Friday, April 25, 2014

Treatment for Anxiety and Depression - What's the Best For You?


Treatment for anxiety and depression varies depending on the individual patient, the depression type and the cause of the disorder. Medication and psychotherapy are commonly combined. What other treatment modes are there?

Options Available For You

In treating anxiety and depression, one starts looking at the medication types involved. Then you start looking at dietary supplements that augment the medications. Then there is psychotherapy that many espouse as the more effective means for treating depression permanently.

There are also other trends in treating anxiety and depression that include transcranial magnetic stimulation, vagus nerve stimulation, and electroconvulsive therapy. Alternatively, one can also opt for acupuncture, light therapy, and even meditation and physical exercise. Or would you go for deep brain stimulation? And ultimately, when all else fails, would you like to just go self-medicating?

Let's look at these treatment schemes and how they stack up against each other.

Medications

Starting off with medications, there are a lot available in the market. Each one will brand itself as the best medication there is to treat anxiety and depression. While most of these medications have been available for decades, they have not changed nor evolved, and as before, are always the first lines of defense for anxiety and depression treatment. These medications include SSRIs or selective serotonin re-uptake inhibitors like Celexa, Prozac fluoxetine, Paxil paroxetine, and Zoloft sertraline. But can you depend on medication alone sans the psychotherapy?
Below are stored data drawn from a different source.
lemma rectifying_odeI_const_k1_k2:
  assumes k1: "\<forall>s\<in>I. k1 s = \<kappa>1" and k2: "\<forall>s\<in>I. k2 s = \<kappa>2" and "\<kappa>2 \<noteq> 0"
    and \<sigma>: "\<sigma> = 1 \<or> \<sigma> = -1"
    and k3: "\<forall>s\<in>I. c1 - 2 * c * s - s\<^sup>2 > 0 \<and> k3 s = \<sigma> / sqrt (c1 - 2 * c * s - s\<^sup>2)"
  shows "rectifying_ode I k1 k2 k3"
proof -
  define D where "D s = c1 - 2 * c * s - s\<^sup>2" for s
  define m where "m = \<kappa>1 / \<kappa>2"
  define \<nu> where "\<nu> s = m * \<sigma> * sqrt (D s)" for s
  show ?thesis
  proof (rule rectifying_odeI[where \<mu> = "\<lambda>s. m * (s + c)" and \<nu> = \<nu> and c = c])
    fix s assume s: "s \<in> I"
    have "D s > 0" and k3s: "k3 s = \<sigma> / sqrt (D s)" using k3 s by (auto simp: D_def)
    then have "sqrt (D s) > 0" by simp
    have "k3 s * \<nu> s = m * (\<sigma> * \<sigma>) * (sqrt (D s) / sqrt (D s))"
      unfolding k3s \<nu>_def by simp
    also have "\<dots> = m" using \<sigma> \<open>sqrt (D s) > 0\<close> by auto
    finally show "((\<lambda>s. m * (s + c)) has_real_derivative k3 s * \<nu> s) (at s)"
      by (auto intro!: derivative_eq_intros)
    have D': "(D has_real_derivative - 2 * c - 2 * s) (at s)"
      unfolding D_def[abs_def] by (auto intro!: derivative_eq_intros)
    have "(\<nu> has_real_derivative m * \<sigma> * (inverse (sqrt (D s)) / 2 * (- 2 * c - 2 * s))) (at s)"
      unfolding \<nu>_def[abs_def]
      by (intro DERIV_cmult DERIV_chain2[OF DERIV_real_sqrt[OF \<open>D s > 0\<close>] D'])
    moreover have "m * \<sigma> * (inverse (sqrt (D s)) / 2 * (- 2 * c - 2 * s)) = - k3 s * (m * (s + c))"
      unfolding k3s by (simp add: divide_simps) (simp add: algebra_simps)
    ultimately show "(\<nu> has_real_derivative - k3 s * (m * (s + c))) (at s)" by simp
    show "k2 s * (m * (s + c)) = k1 s * (s + c)"
      using k1 k2 s \<open>\<kappa>2 \<noteq> 0\<close> by (simp add: m_def)
  qed
qed
theorem proposition3p2:
  fixes M U :: "'n::finite pt set"
    and TM :: "'n pt \<Rightarrow> 'n pt set"
    and nu :: "'n pt \<Rightarrow> 'n pt"
    and e :: "nat \<Rightarrow> 'n pt \<Rightarrow> 'n pt"
    and \<omega> \<omega>h :: "nat \<Rightarrow> 'n pt \<Rightarrow> 'n pt \<Rightarrow> real"
    and n m :: nat
  assumes n_def: "n = CARD('n)"
    and ph: "ph_submanifold M TM m"
    and nu: "fundamental_field M TM nu"
    and U: "openin (top_of_set M) U"
    and frame: "darboux_frame TM m U e"
    and omega: "dual_forms U e \<omega>"
    and omegah: "dual_hat_forms TM m U e nu \<omega>h"
  shows "\<forall>p\<in>U. \<forall>v\<in>TM p.
           (\<forall>j\<in>{1..m}. \<omega> j p v = \<omega>h j p v \<and> \<omega> (n + j) p v = \<omega>h (m + j) p v) \<and>
           (\<forall>a\<in>{m+1..n}.
               \<omega> a p v = 1/2 * levi p (nu p) (e a p) * Theta p v \<and>
               \<omega> (n + a) p v = 1/2 * levi p (nu p) (e (n + a) p) * Theta p v) \<and>
           (\<forall>j\<in>{1..m}. theta_c n \<omega> j p v = Complex (\<omega>h j p v) (\<omega>h (m + j) p v)) \<and>
           (\<forall>a\<in>{m+1..n}. theta_c n \<omega> a p v
                 = levi_c p (nu p, 0) (Zc n e a p) * complex_of_real (Theta p v)) \<and>
           (nu p = 0 \<longrightarrow> (\<forall>a\<in>{m+1..n}. theta_c n \<omega> a p v = 0))"
proof -
  have at_point: "darboux_point M U TM nu e \<omega> \<omega>h n m p" if "p \<in> U" for p
    using n_def ph nu frame omega omegah openin_imp_subset[OF U] that by unfold_locales
  show ?thesis
    by (simp add: darboux_point.omega_tangential[OF at_point]
        darboux_point.omega_normal[OF at_point] theta_c_def levi_c_Zc levi_zero_left complex_eq_iff)
qed

end
lemma det_vandermonde_mat: "det (vandermonde_mat x) = vdm x"
proof (induction x)
  case Nil
  show ?case by (simp add: vandermonde_mat_def vdm_def)
next
  case (Cons a x)
  define m' where "m' = length x"
  define m where "m = Suc m'"
  define E :: "'a mat" where
    "E = mat m m (\<lambda>(i, l). (if l = i then 1 else 0) + (if l = Suc i then - a else 0))"
  define W where "W = mat m m (\<lambda>(i, c). (a # x) ! c ^ (m - 1 - i)
      - (if Suc i < m then a * (a # x) ! c ^ (m - 1 - Suc i) else 0))"
  have EV: "E * vandermonde_mat (a # x) = W"
    unfolding E_def W_def m_def m'_def by (rule vandermonde_mat_Cons_reduce)
  have col0: "W $$ (i, 0) = (if i = m' then 1 else 0)" if "i < m" for i
  proof (cases "i = m'")
    case False
    with that have "m' - i = Suc (m' - Suc i)" by (simp add: m_def)
    with that False show ?thesis by (simp add: W_def m_def)
  qed (use that in \<open>simp add: W_def m_def\<close>)
  have minor: "mat_delete W m' 0 = mat m' m' (\<lambda>(i, j). x ! j ^ (m' - 1 - i) * (x ! j - a))"
  proof (rule eq_matI, goal_cases)
    case (1 i j)
    then have ij: "i < m'" "j < m'" by auto
    then obtain q where "m' - i = Suc q" "m' - Suc i = q" "m' - 1 - i = q"
      by (metis Suc_diff_Suc diff_Suc_1 diff_diff_left plus_1_eq_Suc)
    then show ?case using ij by (simp add: mat_delete_def W_def m_def algebra_simps)
  qed (auto simp: mat_delete_def W_def m_def)
  have "det W = (\<Sum>i<m. W $$ (i, 0) * cofactor W i 0)"
    by (rule laplace_expansion_column) (auto simp: W_def m_def)
  also have "\<dots> = (-1)^m' * det (mat_delete W m' 0)"
    by (simp add: col0 m_def cofactor_def if_distrib[of "\<lambda>t. t * _"] cong: if_cong)
  also have "\<dots> = (-1)^m' * ((\<Prod>j<m'. x ! j - a) * vdm x)"
    unfolding minor
    using det_mat_scale_cols[of m' "\<lambda>(i, j). x ! j ^ (m' - 1 - i)" "\<lambda>j. x ! j - a"] Cons.IH
    by (simp add: vandermonde_mat_def m'_def)
  also have "\<dots> = vdm (a # x)" by (simp add: vdm_Cons prod_diff_swap[of "\<lambda>_. a"] m'_def)
  finally have "det W = vdm (a # x)" .
  moreover have "det (E * vandermonde_mat (a # x)) = det E * det (vandermonde_mat (a # x))"
    by (rule det_mult[of _ m]) (auto simp: E_def vandermonde_mat_def m_def m'_def)
  ultimately show ?case using EV det_unit_bidiagonal[of m "- a"] by (simp add: E_def)
qed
Change In Diet And Supplements

Diet regimens including dietary supplements may augment the medications used. Supplements are known to add to the provision of the body's natural raw materials for serotonin which is essential in mood control and depression treatment. Methionine derivatives like the SAM-e or S-adenosyl methionine are also used as prescription antidepressants in the US and Europe. Omega-3, the fatty acid found in fish, hemp seeds and walnuts is also being used as a supplement to antidepressants to improve efficacy. Another supplement is the DHEA or dehydroepiandrosterone. Magnesium is also used to supplement if not treat depression outright.

Psychotherapy

Psychotherapy comes next. Basically this is counseling where the depressed or anxious patient is advised or counseled on problems and how to deal with them as these problems or conditions result in depression. This may be done one-on-one with a psychiatrist, or through a support group of family or friends and conducted and facilitated by medical professionals.

Psychotherapy aims to improve personal bearing, well being, and social functioning. Some psychotherapeutic approaches include CBT or cognitive behavioral therapy wherein therapy that is usually combined with behavioral advice and therapy focuses on self-worth and self-recognition and relating with others. Therapy improves relating skills and allows the patient to overcome aversion or social phobia and reduce depression brought about by feelings of worthlessness or guilt.

Other Treatment Methods

Other treatment methods for anxiety and depression include the rTMS or repetitive transcranial magnetic stimulation, the vagus nerve stimulation, the more invasive electroconvulsive therapy and electroshock.

Alternative treatments include acupuncture, light therapy, meditation, deep brain stimulation, and aerobics exercises.

Self-Conditioning

This is one of the oldest ways persuading oneself to be "someone," yet this is one of the most effective methods of molding the mind.

A person fails to bounce back from a depressed state when he doesn't have enough defense mechanism to do so. Thus, in order to prevent anxiety and depression from getting worse, you must think of ways of how to protect your mind.

Self-conditioning is another treatment for anxiety and depression that works as though you were "brainwashing" your own mind. You teach your mind to think this or that way by consistently telling it what it should feel. A simple example is if you fear heights, you will tell yourself everyday that, "I am safe in a building even if it is tall. I am safe in an airplane. I am comfortable with heights."